Minnesota had one of the highest infection rates in the U.S. during the latest wave, but its rate in the past seven days dropped to 20th among states.

The state on Thursday reported another 238 coronavirus infections, raising its pandemic total to 601,881.

The state on Thursday reached almost 10 million reported COVID-19 tests, which were performed on more than 4.2 million people.

Health officials remain concerned about the spread of more infectious variants of the coronavirus, even though infection and COVID-19 hospitalization rates have fallen below Minnesota's high-risk thresholds.

Vaccine appears protective against the more infectious B.1.1.7 variant of the coronavirus, first identified in England, that is responsible for roughly three-fourths of new infections in Minnesota. While the state has identified only 217 infections with the B.1351 variant first identified in Africa, and 306 infections with the P.1 variant first identified in Brazil, health officials have noted that those variants are causing an elevated rate of COVID-19 hospitalizations.

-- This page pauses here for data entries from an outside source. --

(* Let $p_0,q\in\mathcal S^{d-1}$ and consider the preference dynamics with the fixed recommendation $q_t=q$ for all $t\ge 0$, i.e. $\tilde p_{t+1}=p_t+\eta_t\,(p_t^\top q)\,q$, $p_{t+1}=\tilde p_{t+1}/\|\tilde p_{t+1}\|_2$, with step sizes either constant ($\eta_t=\eta$) or decreasing ($\eta_t=\frac{\eta}{t+s}$). Then $p_t\to q$ as $t\to\infty$ if $p_0^\top q>0$, and $p_t\to -q$ if $p_0^\top q<0$. Furthermore, for every $t\ge0$, $p_t$ lies in the cone generated by $p_0$ and $\mathrm{sgn}(p_0^\top q)\,q$ (i.e. $p_t$ is a nonnegative linear combination of these two vectors). In particular, when $p_0^\top q\neq 0$, for all $t\ge 0$, \[(p_t^\top q)^{-2}=1+\gamma_t^2\big((p_0^\top q)^{-2}-1\big),\qquad \gamma_t=\begin{cases}(\eta+1)^{-t}, & \eta_t=\eta,\\[2pt] \prod_{k=0}^{\eta-1}\frac{s+k}{t+s+k}, & \eta_t=\frac{\eta}{t+s}.\end{cases}\]
   Context: $\mathcal S^{d-1}$ denotes the unit sphere in $\mathbb{R}^d$. In the constant step-size setting $\eta>0$ is a constant; in the decreasing step-size setting $\eta$ and $s$ are positive integers. $\mathrm{sgn}$ denotes the sign function. *)

theory Defs
  imports "HOL-Analysis.Analysis"
begin

fun pref_seq :: "(nat \<Rightarrow> real) \<Rightarrow> 'a::real_inner \<Rightarrow> 'a \<Rightarrow> nat \<Rightarrow> 'a" where
  "pref_seq eta q p0 0 = p0"
| "pref_seq eta q p0 (Suc t) =
     (let pt = pref_seq eta q p0 t;
          pt' = pt + (eta t * (pt \<bullet> q)) *\<^sub>R q
      in pt' /\<^sub>R norm pt')"

end

theory Submission
  imports Defs
begin

text \<open>The update \<open>p \<mapsto> p + \<eta>\<^sub>t (p \<bullet> q) q\<close> is linear, fixes the orthogonal complement of
  \<open>q\<close> and multiplies \<open>q\<close> by \<open>1 + \<eta>\<^sub>t\<close>. As it commutes with positive scalings, all
  normalisations can be postponed to the end, so \<open>p\<^sub>t\<close> is the normalisation of
  \<open>p\<^sub>0 + (G\<^sub>t - 1) (p\<^sub>0 \<bullet> q) q\<close> with \<open>G\<^sub>t = (1 + \<eta>\<^sub>0) \<cdots> (1 + \<eta>\<^bsub>t-1\<^esub>) = 1 / \<gamma>\<^sub>t\<close>. This vector lies
  in the cone and yields the closed formula for \<open>p\<^sub>t \<bullet> q\<close>. Both schedules have
  \<open>\<gamma>\<^sub>t \<rightarrow> 0\<close>, hence \<open>p\<^sub>t \<bullet> q \<rightarrow> sgn (p\<^sub>0 \<bullet> q)\<close>, which for unit vectors means \<open>p\<^sub>t \<rightarrow> \<plusminus>q\<close>.\<close>

definition pref_gain :: "(nat \<Rightarrow> real) \<Rightarrow> nat \<Rightarrow> real" where
  "pref_gain eta t = (\<Prod>j<t. 1 + eta j)"

definition pref_unnormalized :: "(nat \<Rightarrow> real) \<Rightarrow> 'a::real_inner \<Rightarrow> 'a \<Rightarrow> nat \<Rightarrow> 'a" where
  "pref_unnormalized eta q p0 t = p0 + ((pref_gain eta t - 1) * (p0 \<bullet> q)) *\<^sub>R q"

lemma pref_gain_ge_1:
  assumes "\<forall>j. eta j \<ge> 0"
  shows "pref_gain eta t \<ge> 1"
  unfolding pref_gain_def using assms by (intro prod_ge_1) simp

lemma pref_gain_Suc: "pref_gain eta (Suc t) = pref_gain eta t * (1 + eta t)"
  by (simp add: pref_gain_def)

lemma inner_pref_unnormalized:
  fixes p0 q :: "'a::real_inner"
  assumes "norm q = 1"
  shows "pref_unnormalized eta q p0 t \<bullet> q = pref_gain eta t * (p0 \<bullet> q)"
proof -
  have "q \<bullet> q = 1" using assms by (simp add: dot_square_norm)
  then show ?thesis unfolding pref_unnormalized_def by (simp add: inner_add_left algebra_simps)
qed

lemma pref_unnormalized_Suc:
  fixes p0 q :: "'a::real_inner"
  assumes "norm q = 1"
  shows "pref_unnormalized eta q p0 (Suc t) =
    pref_unnormalized eta q p0 t + (eta t * (pref_unnormalized eta q p0 t \<bullet> q)) *\<^sub>R q"
  unfolding inner_pref_unnormalized[OF assms]
  by (simp add: pref_unnormalized_def pref_gain_Suc algebra_simps)

lemma norm_pref_unnormalized_sq:
  fixes p0 q :: "'a::real_inner"
  assumes "norm p0 = 1" "norm q = 1"
  shows "(norm (pref_unnormalized eta q p0 t))\<^sup>2 = 1 + ((pref_gain eta t)\<^sup>2 - 1) * (p0 \<bullet> q)\<^sup>2"
proof -
  have "p0 \<bullet> p0 = 1" "q \<bullet> q = 1" using assms by (simp_all add: dot_square_norm)
  then show ?thesis
    unfolding power2_norm_eq_inner pref_unnormalized_def
    by (simp add: inner_add_left inner_add_right inner_commute power2_eq_square algebra_simps)
qed

lemma norm_pref_unnormalized_ge_1:
  fixes p0 q :: "'a::real_inner"
  assumes "norm p0 = 1" "norm q = 1" "\<forall>j. eta j \<ge> 0"
  shows "norm (pref_unnormalized eta q p0 t) \<ge> 1"
proof -
  have "(pref_gain eta t)\<^sup>2 \<ge> 1"
    using pref_gain_ge_1[OF assms(3)] by (simp add: one_le_power)
  then have "(norm (pref_unnormalized eta q p0 t))\<^sup>2 \<ge> 1\<^sup>2"
    unfolding norm_pref_unnormalized_sq[OF assms(1,2)] by simp
  then show ?thesis by (rule power2_le_imp_le) simp
qed

lemma pref_seq_eq_normalized:
  fixes p0 q :: "'a::real_inner"
  assumes "norm p0 = 1" "norm q = 1" "\<forall>j. eta j \<ge> 0"
  shows "pref_seq eta q p0 t =
    pref_unnormalized eta q p0 t /\<^sub>R norm (pref_unnormalized eta q p0 t)"
proof (induction t)
  case 0
  then show ?case using assms(1) by (simp add: pref_unnormalized_def pref_gain_def)
next
  case (Suc t)
  define P where "P = pref_unnormalized eta q p0 t"
  define c where "c = norm P"
  have "c > 0"
    using norm_pref_unnormalized_ge_1[OF assms, of t] unfolding c_def P_def by linarith
  have step: "P /\<^sub>R c + (eta t * ((P /\<^sub>R c) \<bullet> q)) *\<^sub>R q = pref_unnormalized eta q p0 (Suc t) /\<^sub>R c"
    unfolding pref_unnormalized_Suc[OF assms(2)] P_def[symmetric] by (simp add: algebra_simps)
  have "pref_seq eta q p0 (Suc t) =
      (P /\<^sub>R c + (eta t * ((P /\<^sub>R c) \<bullet> q)) *\<^sub>R q) /\<^sub>R
      norm (P /\<^sub>R c + (eta t * ((P /\<^sub>R c) \<bullet> q)) *\<^sub>R q)"
    using Suc.IH by (simp add: Let_def P_def c_def)
  also have "\<dots> = pref_unnormalized eta q p0 (Suc t) /\<^sub>R norm (pref_unnormalized eta q p0 (Suc t))"
    unfolding step using \<open>c > 0\<close> by simp
  finally show ?case .
qed

lemma pref_seq_uminus_target: "pref_seq eta (- q) p0 = pref_seq eta q p0"
proof
  show "pref_seq eta (- q) p0 t = pref_seq eta q p0 t" for t
    by (induction t) (simp_all add: Let_def)
qed

lemma inner_pref_seq:
  fixes p0 q :: "'a::real_inner"
  assumes "norm p0 = 1" "norm q = 1" "\<forall>j. eta j \<ge> 0"
  shows "pref_seq eta q p0 t \<bullet> q =
    pref_gain eta t * (p0 \<bullet> q) / norm (pref_unnormalized eta q p0 t)"
  unfolding pref_seq_eq_normalized[OF assms] inner_scaleR_left inner_pref_unnormalized[OF assms(2)]
  by (simp add: divide_inverse mult.commute)

lemma inverse_inner_pref_seq_sq:
  fixes p0 q :: "'a::real_inner"
  assumes "norm p0 = 1" "norm q = 1" "\<forall>j. eta j \<ge> 0" "p0 \<bullet> q \<noteq> 0"
  shows "inverse ((pref_seq eta q p0 t \<bullet> q)\<^sup>2) =
    1 + (inverse (pref_gain eta t))\<^sup>2 * (inverse ((p0 \<bullet> q)\<^sup>2) - 1)"
proof -
  have "pref_gain eta t \<ge> 1" using pref_gain_ge_1[OF assms(3)] .
  have "inverse ((pref_seq eta q p0 t \<bullet> q)\<^sup>2) =
      (norm (pref_unnormalized eta q p0 t))\<^sup>2 / (pref_gain eta t * (p0 \<bullet> q))\<^sup>2"
    unfolding inner_pref_seq[OF assms(1-3)] by (simp add: power_divide)
  also have "\<dots> = (1 + ((pref_gain eta t)\<^sup>2 - 1) * (p0 \<bullet> q)\<^sup>2) / (pref_gain eta t * (p0 \<bullet> q))\<^sup>2"
    unfolding norm_pref_unnormalized_sq[OF assms(1,2)] ..
  also have "\<dots> = 1 + (inverse (pref_gain eta t))\<^sup>2 * (inverse ((p0 \<bullet> q)\<^sup>2) - 1)"
    using \<open>pref_gain eta t \<ge> 1\<close> assms(4) by (simp add: field_simps power2_eq_square)
  finally show ?thesis .
qed

lemma pref_seq_in_cone:
  fixes p0 q :: "'a::real_inner"
  assumes "norm p0 = 1" "norm q = 1" "\<forall>j. eta j \<ge> 0"
  shows "\<exists>a b. a \<ge> 0 \<and> b \<ge> 0 \<and> pref_seq eta q p0 t = a *\<^sub>R p0 + b *\<^sub>R (sgn (p0 \<bullet> q) *\<^sub>R q)"
proof (intro exI conjI)
  define c where "c = norm (pref_unnormalized eta q p0 t)"
  have "c \<ge> 1" using norm_pref_unnormalized_ge_1[OF assms] unfolding c_def .
  have "pref_gain eta t \<ge> 1" using pref_gain_ge_1[OF assms(3)] .
  show "0 \<le> 1 / c" using \<open>c \<ge> 1\<close> by simp
  show "0 \<le> (pref_gain eta t - 1) * \<bar>p0 \<bullet> q\<bar> / c"
    using \<open>c \<ge> 1\<close> \<open>pref_gain eta t \<ge> 1\<close> by simp
  have "sgn (p0 \<bullet> q) * \<bar>p0 \<bullet> q\<bar> = p0 \<bullet> q" by (simp add: sgn_mult_abs)
  then show "pref_seq eta q p0 t = (1 / c) *\<^sub>R p0 +
      ((pref_gain eta t - 1) * \<bar>p0 \<bullet> q\<bar> / c) *\<^sub>R (sgn (p0 \<bullet> q) *\<^sub>R q)"
    unfolding pref_seq_eq_normalized[OF assms] c_def[symmetric] unfolding pref_unnormalized_def
    by (simp add: scaleR_add_right divide_inverse mult.commute mult.left_commute)
qed

lemma unit_tendsto_if_inner_tendsto_1:
  fixes x :: "nat \<Rightarrow> 'a::real_inner"
  assumes "\<And>n. norm (x n) = 1" "norm q = 1" "(\<lambda>n. x n \<bullet> q) \<longlonglongrightarrow> 1"
  shows "x \<longlonglongrightarrow> q"
proof -
  have "(norm (x n - q))\<^sup>2 = 2 - 2 * (x n \<bullet> q)" for n
  proof -
    have "x n \<bullet> x n = 1" "q \<bullet> q = 1" using assms(1,2) by (simp_all add: dot_square_norm)
    then show ?thesis
      unfolding power2_norm_eq_inner by (simp add: inner_diff_left inner_diff_right inner_commute)
  qed
  then have "norm (x n - q) = sqrt (2 - 2 * (x n \<bullet> q))" for n
    by (metis norm_ge_zero real_sqrt_unique)
  moreover have "(\<lambda>n. sqrt (2 - 2 * (x n \<bullet> q))) \<longlonglongrightarrow> sqrt (2 - 2 * 1)"
    by (intro tendsto_intros assms(3))
  ultimately have "(\<lambda>n. norm (x n - q)) \<longlonglongrightarrow> 0" by simp
  then show ?thesis by (simp only: tendsto_norm_zero_iff LIM_zero_iff)
qed

lemma pref_seq_tendsto:
  fixes p0 q :: "'a::real_inner"
  assumes "norm p0 = 1" "norm q = 1" "\<forall>j. eta j \<ge> 0" "p0 \<bullet> q > 0"
    and gain_decay: "(\<lambda>t. inverse (pref_gain eta t)) \<longlonglongrightarrow> 0"
  shows "pref_seq eta q p0 \<longlonglongrightarrow> q"
proof (rule unit_tendsto_if_inner_tendsto_1[OF _ assms(2)])
  show "norm (pref_seq eta q p0 t) = 1" for t
  proof -
    have "norm (pref_unnormalized eta q p0 t) \<noteq> 0"
      using norm_pref_unnormalized_ge_1[OF assms(1-3), of t] by linarith
    then show ?thesis by (simp add: pref_seq_eq_normalized[OF assms(1-3)])
  qed
  define K where "K = inverse ((p0 \<bullet> q)\<^sup>2) - 1"
  have pos: "pref_seq eta q p0 t \<bullet> q > 0" for t
    unfolding inner_pref_seq[OF assms(1-3)]
    using pref_gain_ge_1[OF assms(3), of t] norm_pref_unnormalized_ge_1[OF assms(1-3), of t] assms(4)
    by (intro divide_pos_pos mult_pos_pos) auto
  have "pref_seq eta q p0 t \<bullet> q = sqrt (inverse (1 + (inverse (pref_gain eta t))\<^sup>2 * K))" for t
  proof -
    have "(pref_seq eta q p0 t \<bullet> q)\<^sup>2 = inverse (1 + (inverse (pref_gain eta t))\<^sup>2 * K)"
      using inverse_inner_pref_seq_sq[OF assms(1-3), of t] assms(4) unfolding K_def
      by (metis inverse_inverse_eq less_irrefl)
    then show ?thesis using pos[of t] by (metis abs_of_pos real_sqrt_abs)
  qed
  moreover have "(\<lambda>t. sqrt (inverse (1 + (inverse (pref_gain eta t))\<^sup>2 * K)))
      \<longlonglongrightarrow> sqrt (inverse (1 + 0\<^sup>2 * K))"
    by (intro tendsto_intros gain_decay) simp
  ultimately show "(\<lambda>t. pref_seq eta q p0 t \<bullet> q) \<longlonglongrightarrow> 1" by simp
qed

"Variants do remain an ongoing threat because they do have the ability to change and they do have the ability to adapt in a way that may not be covered by vaccines," Ehresmann said. "So we're continuing to watch that."

COVID-19 hospitalizations overall have declined in Minnesota — from a peak in the latest wave of 699 on April 14 to 252 on Wednesday.

All state mask requirements and social distancing and capacity caps on businesses have been removed, allowing places such as the Minnesota Zoo to begin to return to full activities.

The zoo maintained minimal operations over the past year, caring for animals thanks in part to 25,000 of 43,000 memberships being renewed, even if people couldn't visit, said John Frawley, zoo executive director. Children even emptied piggy banks to support the animals, he said.

"We're glad to be back in business. When I say we, I mean the animals, too," Frawley said during the governor's appearance. "They miss you, especially the primates and social animals. They love to see people. There are some that [couldn't] care less, that's true, but a lot of them really enjoy seeing the people back."